The Role of BRCA1 and BRCA2 in Anticancer Drug Therapy

Abstract

The genome is under constant assault from both endogenous and exogenous sources such as reactive oxygen species and ionizing radiation capable of inducing a wide array of mutagenic changes [1]. To maintain genomic integrity cells have evolved elegant mechanisms to recognize DNA damage, arrest the cell cycle, and activate specific repair pathways. One of the most cytotoxic lesions that a cell must contend with is a double-strand break (DSB) because even a single unrepaired DSB is capable of inducing cell death [2]. To repair a DSB, cells have at least four mechanisms at their disposal: homologous recombination (HR), single-strand annealing (SSA), nonhomologous end-joining (NHEJ), and microhomology-mediated end joining (MMEJ) (Fig. 1) [3]. HR relies on the sister chromatid as a template to fill in damaged or missing DNA, restoring the chromosome to its original condition.

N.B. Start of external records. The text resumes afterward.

(* Let $G$ be a finite stochastic game satisfying the standing assumptions below. Consider the sequence generated by the outer loop of policy iteration with fictitious play (PI-FP): start from an arbitrary assignment $V^0 : Q_{NT}\times N\to\mathbb{R}$ of values to all players at all nonterminal states; for $n=1,2,\dots$, let $s^n$ be a stationary strategy profile such that for every nonterminal state $q$, the mixed profile $s^n(q)$ is a Nash equilibrium of the stage game $\Gamma_q(V^{n-1})$; then let $V^n = V^{s^n}$, the vector of expected total payoffs of $s^n$ from each nonterminal state. If the sequence $(s^n)_{n\ge 1}$ converges to a stationary profile $s^*$, then $s^*$ is a Nash equilibrium of $G$ (no player can increase its expected total payoff from any state by unilaterally deviating to any strategy, stationary or not).
   Context: A finite stochastic game consists of a finite set $N$ of players, a finite set $Q$ of states partitioned into nonterminal states $Q_{NT}$ and absorbing terminal states $Q_T$, finite action sets $A_i$ for each player $i$, and transition probabilities $P(q,a,\hat q)$ for $q\in Q_{NT}$, action profiles $a\in A=\prod_i A_i$ and $\hat q\in Q$. Each terminal state $t\in Q_T$ gives each player $i$ a payoff $u_i(t)\in\mathbb{R}$, and there are no other rewards; a player's payoff is the (undiscounted) payoff received at the terminal state reached. Standing assumption: there is a finite $T$ such that, regardless of the actions chosen, play started at any nonterminal state reaches a terminal state within at most $T$ stages (as in the hostility game, where every action has positive hostility level and the state is the cumulative hostility, which terminates once a threshold is reached). A stationary strategy for player $i$ assigns to each nonterminal state a probability distribution over $A_i$. For a stationary profile $s$, $V^s_i(q)$ denotes player $i$'s expected terminal payoff when play starts at $q$ and all players follow $s$ (with $V^s_i(t)=u_i(t)$ for terminal $t$); it is the unique solution of $V_i(q)=\sum_{a}s(q)(a)\sum_{\hat q}P(q,a,\hat q)V_i(\hat q)$. Given values $V:Q_{NT}\times N\to\mathbb{R}$ (extended by $V_i(t)=u_i(t)$ on terminal states), the stage game $\Gamma_q(V)$ at nonterminal state $q$ is the one-shot normal-form game with action sets $A_i$ and payoffs $\sum_{\hat q}P(q,a,\hat q)V_i(\hat q)$ to player $i$ under action profile $a$. *)

theory Defs
  imports "HOL-Probability.Probability_Mass_Function" "HOL-Library.FuncSet"
begin

text \<open>A finite stochastic game with terminal payoffs. Players 'i, states 'q, actions 'a.\<close>

record ('i, 'q, 'a) sgame =
  players :: "'i set"
  nonterm_states :: "'q set"
  term_states :: "'q set"
  acts :: "'i \<Rightarrow> 'a set"
  trans :: "'q \<Rightarrow> ('i \<Rightarrow> 'a) \<Rightarrow> 'q \<Rightarrow> real"
  util :: "'q \<Rightarrow> 'i \<Rightarrow> real"

definition states :: "('i, 'q, 'a) sgame \<Rightarrow> 'q set" where
  "states G = nonterm_states G \<union> term_states G"

definition profiles :: "('i, 'q, 'a) sgame \<Rightarrow> ('i \<Rightarrow> 'a) set" where
  "profiles G = PiE (players G) (acts G)"

definition step :: "('i, 'q, 'a) sgame \<Rightarrow> 'q \<Rightarrow> 'q \<Rightarrow> bool" where
  "step G q q' \<longleftrightarrow> q \<in> nonterm_states G \<and> (\<exists>a\<in>profiles G. trans G q a q' > 0)"

text \<open>Standing assumptions: finiteness, transition probabilities, and termination
  within at most T stages regardless of the actions chosen (no path of positive-probability
  transitions visits T+1 nonterminal states).\<close>
definition finite_sgame :: "('i, 'q, 'a) sgame \<Rightarrow> bool" where
  "finite_sgame G \<longleftrightarrow>
     finite (players G) \<and> finite (nonterm_states G) \<and> finite (term_states G) \<and>
     nonterm_states G \<inter> term_states G = {} \<and>
     (\<forall>i\<in>players G. finite (acts G i) \<and> acts G i \<noteq> {}) \<and>
     (\<forall>q\<in>nonterm_states G. \<forall>a\<in>profiles G.
        (\<forall>q'. trans G q a q' \<ge> 0) \<and> (\<forall>q'. q' \<notin> states G \<longrightarrow> trans G q a q' = 0) \<and>
        (\<Sum>q'\<in>states G. trans G q a q') = 1) \<and>
     (\<exists>T::nat. \<forall>f::nat \<Rightarrow> 'q. f 0 \<in> nonterm_states G \<longrightarrow>
        \<not> (\<forall>k<T. step G (f k) (f (Suc k)) \<and> f (Suc k) \<in> nonterm_states G))"

definition prof_prob :: "('i, 'q, 'a) sgame \<Rightarrow> ('i \<Rightarrow> 'a pmf) \<Rightarrow> ('i \<Rightarrow> 'a) \<Rightarrow> real" where
  "prof_prob G x a = (\<Prod>j\<in>players G. pmf (x j) (a j))"

definition valid_mixed :: "('i, 'q, 'a) sgame \<Rightarrow> 'i \<Rightarrow> 'a pmf \<Rightarrow> bool" where
  "valid_mixed G i y \<longleftrightarrow> set_pmf y \<subseteq> acts G i"

definition stationary_profile :: "('i, 'q, 'a) sgame \<Rightarrow> ('i \<Rightarrow> 'q \<Rightarrow> 'a pmf) \<Rightarrow> bool" where
  "stationary_profile G s \<longleftrightarrow>
     (\<forall>i\<in>players G. \<forall>q\<in>nonterm_states G. valid_mixed G i (s i q))"

text \<open>V^s: the unique solution of the value equations, with V_i(t) = u_i(t) on terminal states
  (and, for definiteness, 0 outside the state set).\<close>
definition stat_value :: "('i, 'q, 'a) sgame \<Rightarrow> ('i \<Rightarrow> 'q \<Rightarrow> 'a pmf) \<Rightarrow> 'q \<Rightarrow> 'i \<Rightarrow> real" where
  "stat_value G s = (THE V.
      (\<forall>q\<in>term_states G. \<forall>i. V q i = util G q i) \<and>
      (\<forall>q\<in>nonterm_states G. \<forall>i. V q i =
          (\<Sum>a\<in>profiles G. prof_prob G (\<lambda>j. s j q) a * (\<Sum>q'\<in>states G. trans G q a q' * V q' i))) \<and>
      (\<forall>q. q \<notin> states G \<longrightarrow> (\<forall>i. V q i = 0)))"

definition ext_val :: "('i, 'q, 'a) sgame \<Rightarrow> ('q \<Rightarrow> 'i \<Rightarrow> real) \<Rightarrow> 'q \<Rightarrow> 'i \<Rightarrow> real" where
  "ext_val G V q i = (if q \<in> term_states G then util G q i else V q i)"

definition stage_util :: "('i, 'q, 'a) sgame \<Rightarrow> ('q \<Rightarrow> 'i \<Rightarrow> real) \<Rightarrow> 'q \<Rightarrow> ('i \<Rightarrow> 'a pmf) \<Rightarrow> 'i \<Rightarrow> real" where
  "stage_util G V q x i =
     (\<Sum>a\<in>profiles G. prof_prob G x a * (\<Sum>q'\<in>states G. trans G q a q' * ext_val G V q' i))"

definition stage_nash :: "('i, 'q, 'a) sgame \<Rightarrow> ('q \<Rightarrow> 'i \<Rightarrow> real) \<Rightarrow> 'q \<Rightarrow> ('i \<Rightarrow> 'a pmf) \<Rightarrow> bool" where
  "stage_nash G V q x \<longleftrightarrow>
     (\<forall>i\<in>players G. valid_mixed G i (x i)) \<and>
     (\<forall>i\<in>players G. \<forall>y. valid_mixed G i y \<longrightarrow> stage_util G V q (x(i := y)) i \<le> stage_util G V q x i)"

text \<open>General (history-dependent, behavioural) strategies. A history is the list of past
  (state, action profile) pairs; sigma j h q is player j's mixed action at current state q.\<close>
type_synonym ('i, 'q, 'a) hist = "('q \<times> ('i \<Rightarrow> 'a)) list"

definition valid_behav :: "('i, 'q, 'a) sgame \<Rightarrow> 'i \<Rightarrow> (('i, 'q, 'a) hist \<Rightarrow> 'q \<Rightarrow> 'a pmf) \<Rightarrow> bool" where
  "valid_behav G i \<tau> \<longleftrightarrow> (\<forall>h. \<forall>q\<in>nonterm_states G. valid_mixed G i (\<tau> h q))"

In cells with competent DNA repair mechanisms, HR is the preferred pathway of repair during the S and G2 phase of the cell cycle when the sister chromatid is available [4]. SSA, a variant of HR that is thought to play a minor role in the repair DSBs, utilizes homologous repeats surrounding a DSB to anneal the broken ends resulting in the deletion of the intervening sequence. In contrast, NHEJ and MMEJ both operate throughout the cell cycle and directly ligate two ends of a DSB; however, MMEJ always introduces small deletions at broken ends to produce a region of microhomology to facilitate ligation [5]. The important point to note is that HR is considered an error-free pathway whereas SSA, NHEJ, and MMEJ are error-prone because they can create gross chromosomal aberrations if ligation occurs incorrectly—potentially leading to neoplastic transformation [1].